Egocentric video reasoning centers on an unobservable agent behind the camera who dynamically shapes the environment, requiring inference of hidden intentions and recognition of fine-grained interactions. This core challenge limits current multimodal large language models (MLLMs), which excel at visible event reasoning but lack embodied, first-person understanding. To bridge this gap, we introduce EgoThinker, a novel framework that endows MLLMs with robust egocentric reasoning capabilities through spatio-temporal chain-of-thought supervision and a two-stage learning curriculum. First, we introduce EgoRe-5M, a large-scale egocentric QA dataset constructed from 13M diverse egocentric video clips. This dataset features multi-minute segments annotated with detailed CoT rationales and dense hand–object grounding. Second, we employ SFT on EgoRe-5M to instill reasoning skills, followed by reinforcement fine-tuning (RFT) to further enhance spatio-temporal localization. Experimental results show that EgoThinker outperforms existing methods across multiple egocentric benchmarks, while achieving substantial improvements in fine-grained spatio-temporal localization tasks.
Unlike general video reasoning, egocentric video reasoning poses unique challenges because it must infer an unobservable camera wearer’s interactions and intentions. EgoThinker addresses this by curating EgoRe-5M, a large-scale egocentric reasoning dataset, and applying a two-stage supervised and reinforcement fine-tuning paradigm. This design empowers robust egocentric reasoning chat, hand–object grounding, and temporal grounding, making EgoThinker a promising foundation for wearable assistants and embodied AI.

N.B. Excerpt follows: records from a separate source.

lemma tube_around_arc:
  fixes E E' :: "real \<Rightarrow> 'a::euclidean_space"
  assumes "2 \<le> DIM('a)" "a < b" "inj_on E {a..b}"
    and E: "\<And>t. (E has_vector_derivative E' t) (at t)" "continuous_on UNIV E'" "\<And>t. t \<in> {a..b} \<Longrightarrow> E' t \<noteq> 0"
    and "open \<Omega>" "E ` {a..b} \<subseteq> \<Omega>"
  obtains u u' d where "\<And>k. Ck_on k UNIV u" "\<And>t. (u has_vector_derivative u' t) (at t)" "d > 0"
    "inj_on (tube_map E u) ({a - d..b + d} \<times> {-d..d})"
    "\<And>t \<sigma>. t \<in> {a - d..b + d} \<Longrightarrow> \<sigma> \<in> {-d..d} \<Longrightarrow> indep_pair (E' t + \<sigma> *\<^sub>R u' t) (u t)"
    "tube_map E u ` ({a - d..b + d} \<times> {-d..d}) \<subseteq> \<Omega>"
proof -
  obtain u where u: "\<And>k. Ck_on k UNIV u" "\<And>t. t \<in> {a..b} \<Longrightarrow> indep_pair (E' t) (u t)"
    using smooth_normal_field[OF \<open>a < b\<close> continuous_on_subset[OF E(2) subset_UNIV] E(3) assms(1)] by blast
  obtain u' where u': "\<And>t. (u has_vector_derivative u' t) (at t)" "Ck_on (Suc 0) UNIV u'"
    using Ck_on_SucE[OF u(1)] by blast
  obtain d where "d > 0" "inj_on (tube_map E u) ({a - d..b + d} \<times> {-d..d})"
    "\<And>t \<sigma>. t \<in> {a - d..b + d} \<Longrightarrow> \<sigma> \<in> {-d..d} \<Longrightarrow> indep_pair (E' t + \<sigma> *\<^sub>R u' t) (u t)"
    "tube_map E u ` ({a - d..b + d} \<times> {-d..d}) \<subseteq> \<Omega>"
    using tube_map_injective_strip[OF less_imp_le[OF \<open>a < b\<close>] E(1,2) u'(1) Ck_on_imp_continuous_on[OF u'(2)]
        \<open>inj_on E {a..b}\<close> u(2) \<open>open \<Omega>\<close> \<open>E ` {a..b} \<subseteq> \<Omega>\<close>] by blast
  with u(1) u'(1) that show thesis by blast
qed

theorem lemma6p4:
  fixes s :: enat and L :: "(real ^ 'n) set" and \<Omega> :: "(real ^ 'n) set"
  assumes "1 \<le> s" and "CARD('n) \<ge> 2"
    and "arc_Cs s L" and "open \<Omega>" and "L \<subseteq> \<Omega>"
  shows "\<exists>G. simple_closed_curve_Cs s G \<and> L \<subseteq> G \<and> G \<subseteq> \<Omega>"
proof -
  obtain a b and E E' :: "real \<Rightarrow> real ^ 'n" where "a < b" "L = E ` {a..b}" "inj_on E {a..b}" "Cs_on s UNIV E"
    and E': "\<And>t. (E has_vector_derivative E' t) (at t)" "continuous_on UNIV E'" "\<And>t. t \<in> {a..b} \<Longrightarrow> E' t \<noteq> 0"
    using arc_Cs_extension[OF assms(3,1)] by blast
  have "2 \<le> DIM(real ^ 'n)"
    using assms(2) by simp
  then obtain u u' d where u: "\<And>k. Ck_on k UNIV u" "\<And>t. (u has_vector_derivative u' t) (at t)"
    and "d > 0" and strip: "inj_on (tube_map E u) ({a - d..b + d} \<times> {-d..d})"
      "\<And>t \<sigma>. t \<in> {a - d..b + d} \<Longrightarrow> \<sigma> \<in> {-d..d} \<Longrightarrow> indep_pair (E' t + \<sigma> *\<^sub>R u' t) (u t)"
      "tube_map E u ` ({a - d..b + d} \<times> {-d..d}) \<subseteq> \<Omega>"
    using tube_around_arc[OF _ \<open>a < b\<close> \<open>inj_on E {a..b}\<close> E' \<open>open \<Omega>\<close>] \<open>L = E ` {a..b}\<close> \<open>L \<subseteq> \<Omega>\<close> by metis
  obtain \<gamma> where "smooth_simple_loop \<gamma>"
    and range: "range \<gamma> \<subseteq> {a - d..b + d} \<times> {-d..d}" and cover: "{a..b} \<times> {0} \<subseteq> \<gamma> ` {0..1}"
    using exists_loop_around_segment[OF \<open>a < b\<close> \<open>d > 0\<close>] by blast
  let ?G = "tube_map E u ` \<gamma> ` {0..1}"
  have "\<gamma> ` {0..1} \<subseteq> {a - d..b + d} \<times> {-d..d}"
    using range by blast
  from image_mono[OF this] strip(3) have "?G \<subseteq> \<Omega>"
    by (rule order_trans)
  moreover have "simple_closed_curve_Cs s ?G"
    by (rule simple_closed_curve_tube_loop[OF \<open>Cs_on s UNIV E\<close> E'(1) u \<open>smooth_simple_loop \<gamma>\<close> range strip(1)])
      (use strip(2) in auto)
  moreover have "L \<subseteq> ?G"
    using image_mono[OF cover, of "tube_map E u"] \<open>L = E ` {a..b}\<close> by (simp add: tube_map_image_segment)
  ultimately show ?thesis by blast
qed

end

(a) To overcome this scale bottleneck in egocentric data, we develop a multi-stage filtering pipeline to mine high-quality egocentric clips from web-sourced videos, through the pipeline we get 8.7M high-quality egocentric clips, each containing rich, dynamic interactions suitable for downstream QA annotation and we combine them with existing egocentric dataset to form a collection of 13M egocentric video clips in total. (b) Based on the large-scale video clips, we build EgoRe-5M, an automatically generated QA corpus containing short-term perception, long-term causal reasoning, chain-of-thought rationales, and fine-grained grounding.
To verify the hand-object grounding ability of EgoThinker, We compare our method to baseline Qwen2-VL, GPT-4o and expert model Grounding-DINO. We utilize different prompts tailored to each model and for each image, we use "chopping board", "knife", "right hand" as query for grounding.
Compared EgoThinker to baseline Qwen2-VL and one of the strongest MLLM Gemini2.5-Pro for temporal grounding task.